Who doesn’t love dried fruit? It’s the perfect on-the-go snack, a boost of sweetness when you have a craving, an excellent source of fiber, and according to the USDA’s My Plate Dietary Guide, it counts as a nutritional equivalent to a serving of fresh fruit. But can something so deliciously amazing and convenient be all it’s cracked up to be? Well, the answer is: that depends.
Drying fruits is one of the oldest methods of food preservation. Originally, it was done in the sun or over low heat, but modern appliances like dehydrators or low heat ovens make drying foods much easier and simpler. However, modern food science and mass-production has vastly altered the dried foods available in stores. That delicious fiber-filled dried apricot may not be the nutrient rich snack you think it is! Here are some secret dangers lurking in dried fruits and how you can avoid them.
1. Sulfer Dioxides
The number one danger in many commercially available dried fruits is sulfur dioxide. Sulfur dioxide is an unpleasant smelling gas that is created by burning coal or oil, and used as a disinfectant, a bleaching agent or as a food preservative. When treated with sulfur dioxide prior to drying, fruits maintain their color and flavor, as well as extend their shelf life. While the U.S. National Library of Medicine does not consider sulfur dioxide to be harmful for healthy people to consume in small amounts, according to Food Matters, the acceptable daily intake for a 10-year-old weighing 21kg (roughly 46 lbs) is just 15mg of sulphite per day; that’s the equivalent of one dried apricot.

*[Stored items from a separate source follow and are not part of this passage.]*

lemma set_extreme_strategy_atMost:
  "k \<le> K \<Longrightarrow> C \<le> K \<Longrightarrow> set_pmf (extreme_strategy K C p s k) \<subseteq> {..C}"
  using set_extreme_strategy unfolding feasible_def by fastforce

lemma mirror_symmetric_extreme_strategy:
  assumes "C \<le> K"
  shows "mirror_symmetric K C (extreme_strategy K C p)"
  unfolding mirror_symmetric_def
proof (intro conjI allI impI)
  fix s k assume k: "k \<le> K"
  have "map_pmf (\<lambda>z. C - z) (map_pmf (\<lambda>z. C - z) (pos_share K C p (K - k))) = pos_share K C p (K - k)"
    unfolding pmf.map_comp using set_pos_share[of K C p "K - k"]
    by (subst map_pmf_cong[where g = id]) auto
  then show "extreme_strategy K C p (flip_sign s) (K - k) = map_pmf (\<lambda>z. C - z) (extreme_strategy K C p s k)"
    using k by (auto simp: extreme_strategy_def flip_sign_def)
  show "set_pmf (extreme_strategy K C p s k) \<subseteq> {..C}"
    using set_extreme_strategy_atMost[OF k assms] .
qed

lemma pmf_map_reflect:
  assumes "set_pmf M \<subseteq> {..C}" "z \<le> C"
  shows "pmf (map_pmf (\<lambda>z. C - z) M) (C - z) = pmf M (z :: nat)"
  by (rule pmf_map_inj_on_superset[OF _ assms(1)]) (use assms(2) in \<open>auto simp: inj_on_def\<close>)

lemma state_symmetric_extreme_strategy:
  assumes "C \<le> K"
  shows "state_symmetric K C (extreme_strategy K C p)"
  unfolding state_symmetric_def
proof (intro ballI allI impI)
  fix s k z assume s: "s \<in> {-1, 1::int}" and k: "k \<le> K" and z: "z \<le> C"
  have "flip_sign s = - s"
    using s by (auto simp: flip_sign_def)
  then have "extreme_strategy K C p (- s) (K - k) = map_pmf (\<lambda>z. C - z) (extreme_strategy K C p s k)"
    using mirror_symmetric_extreme_strategy[OF assms, of p] k unfolding mirror_symmetric_def by metis
  then show "pmf (extreme_strategy K C p s k) z = pmf (extreme_strategy K C p (- s) (K - k)) (C - z)"
    using pmf_map_reflect[OF set_extreme_strategy_atMost[OF k assms] z] by simp
qed

lemma sum_pos_share:
  assumes "0 \<le> p k" "p k \<le> 1" "k \<le> K" "C \<le> K"
  shows "(\<Sum>z\<le>C. pmf (pos_share K C p k) z * h z) = p k * h (min k C) + (1 - p k) * h (C + k - K)"
proof -
  have "(\<Sum>z\<le>C. pmf (pos_share K C p k) z * h z) = (\<integral>z. h z \<partial>measure_pmf (pos_share K C p k))"
    by (subst integral_measure_pmf[of "{..C}"]) (use set_pos_share[of K C p k] assms in auto)
  then show ?thesis
    using assms unfolding pos_share_def by simp
qed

Sulfur dioxide exposure can be very harmful, even deadly to asthma sufferers and those with sulfite allergies or sensitivities, and is a toxic and dangerous chemical to both our bodies and the environment.
Try This Instead:
To avoid sulfur dioxide in your dried fruit, look for organic brands, and read the labels thoroughly, or make your own! While the versions without chemical additives won’t be as vibrantly colored, they will taste great and will last longer when stored in the freezer.
2. Added Sugars
Drying fruit removes water, concentrating its natural sugars, like fructose, and creating an energy dense food. However, fructose won’t cause the spike in blood sugar like many sweets and snack foods do. And while the calorie count may be higher, dried fruits may actually provide more fiber, vitamins and calcium.

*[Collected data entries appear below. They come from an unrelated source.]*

(* Let $\delta$ be a classifier and $t\ge 0$. If $\delta$ is not null, then for each $\beta\in\{0,1\}$ the conditional payoff $V_\beta(r)$ is strictly quasiconcave in $r\in\mathbb{R}$ and attains its maximum at some (finite) $r\in\mathbb{R}$. If $\delta$ is null, every individual is indifferent among all reward levels $r$.
   Context: Individuals have privately known costs $\gamma_i\in\mathbb{R}$ of choosing $\beta_i=1$ (compliance) rather than $\beta_i=0$, distributed according to a continuously differentiable CDF $F$ with log-concave density $f$ of full support on $\mathbb{R}$. A classifier $\delta=(\delta_1,\delta_0)\in[0,1]^2$ assigns $d_i\in\{0,1\}$ with $\Pr[d_i=s_i\mid s_i]=\delta_{s_i}$, where the signal satisfies $\Pr[s_i=\beta_i]=\phi\in(\tfrac12,1]$. Let $\rho=\rho(\delta,\phi)=(\delta_1+\delta_0-1)(2\phi-1)$; $\delta$ is null if $\rho=0$. Individuals with $d_i=1$ receive reward $r$, rewards are financed by an equal tax on everyone (budget balance), and each individual additionally gets $t\cdot\pi$ where $\pi$ is the population compliance rate; individuals comply iff $\gamma_i\le r\rho$, so $\pi=F(r\rho)$. Individual $i$'s expected payoff from reward $r$, conditional on complying, is $V_1(r)=-\gamma_i+r\rho(1-F(r\rho))+tF(r\rho)$, and conditional on not complying is $V_0(r)=-r\rho F(r\rho)+tF(r\rho)$; an individual's payoff from $r$ is $V_1(r)$ if $\gamma_i\le r\rho$ and $V_0(r)$ otherwise. *)

theory Defs
  imports "HOL-Analysis.Analysis"
begin

definition cdf_logconcave_density :: "(real \<Rightarrow> real) \<Rightarrow> (real \<Rightarrow> real) \<Rightarrow> bool" where
  "cdf_logconcave_density F f \<longleftrightarrow>
     mono F \<and>
     (F \<longlongrightarrow> 0) at_bot \<and> (F \<longlongrightarrow> 1) at_top \<and>
     (\<forall>x. (F has_real_derivative f x) (at x)) \<and>
     continuous_on UNIV f \<and>
     (\<forall>x. f x > 0) \<and>
     concave_on UNIV (\<lambda>x. ln (f x))"

definition rho :: "real \<Rightarrow> real \<Rightarrow> real \<Rightarrow> real" where
  "rho d1 d0 phi = (d1 + d0 - 1) * (2 * phi - 1)"

text \<open>Conditional payoff from reward r when complying (cost gamma).\<close>
definition V1 :: "(real \<Rightarrow> real) \<Rightarrow> real \<Rightarrow> real \<Rightarrow> real \<Rightarrow> real \<Rightarrow> real" where
  "V1 F t \<rho> \<gamma> r = - \<gamma> + r * \<rho> * (1 - F (r * \<rho>)) + t * F (r * \<rho>)"

text \<open>Conditional payoff from reward r when not complying.\<close>
definition V0 :: "(real \<Rightarrow> real) \<Rightarrow> real \<Rightarrow> real \<Rightarrow> real \<Rightarrow> real" where
  "V0 F t \<rho> r = - r * \<rho> * F (r * \<rho>) + t * F (r * \<rho>)"

definition payoff :: "(real \<Rightarrow> real) \<Rightarrow> real \<Rightarrow> real \<Rightarrow> real \<Rightarrow> real \<Rightarrow> real" where
  "payoff F t \<rho> \<gamma> r = (if \<gamma> \<le> r * \<rho> then V1 F t \<rho> \<gamma> r else V0 F t \<rho> r)"

definition strictly_quasiconcave :: "(real \<Rightarrow> real) \<Rightarrow> bool" where
  "strictly_quasiconcave g \<longleftrightarrow>
     (\<forall>x y l. x \<noteq> y \<and> 0 < l \<and> l < 1 \<longrightarrow> g (l * x + (1 - l) * y) > min (g x) (g y))"

end

theory Submission
  imports Defs
begin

The problem is that many commercially available dried fruits contain extra ingredients for marketability. When dried fruit is pumped up with sugar, saccharine and other artificial sweeteners, eating it can lead to that blood sugar spike, which contributes to type 2 diabetes, cardiovascular disease, and many other problems. Be certain to read labels.
Try This Instead:
Look for sugar free versions, or dried fruit sweetened with natural fruit juices. With a little attention and awareness, dried fruits can be a nutritious, convenient and delicious way to add sweetness or variety to your diet. If you’ve got a hankering, try drying your own! Check out this fantastic recipe for Chickpea, Sweet Potato, Kale, Green Olive, Dried Fruit and Cashew Tangine.
3. Serving Size
Because dried fruit is an energy dense food, it’s easy to over-consume these sweet treats. Eating a few handfuls of dried apricots or mangos is an easy task, but eating the fresh equivalent in one sitting would be unusual. And in order to digest it, your body must use its own fluids to reconstitute the fruit. A small amount of dried fruit can yield a much larger amount of reconstituted fruit, which can lead to bloating and dehydration. So it’s very important to be mindful of how much dried fruit you are eating at once, and to drink plenty of fluids when you do. As a general rule of thumb, a half cup of dried fruit equals approximately one cup of fresh fruit.
Try This Instead:
Make individually portioned snack bags of nuts and dried fruit, so you won’t run the risk of eating too much sugar in one sitting. Make your own superfood trail mix.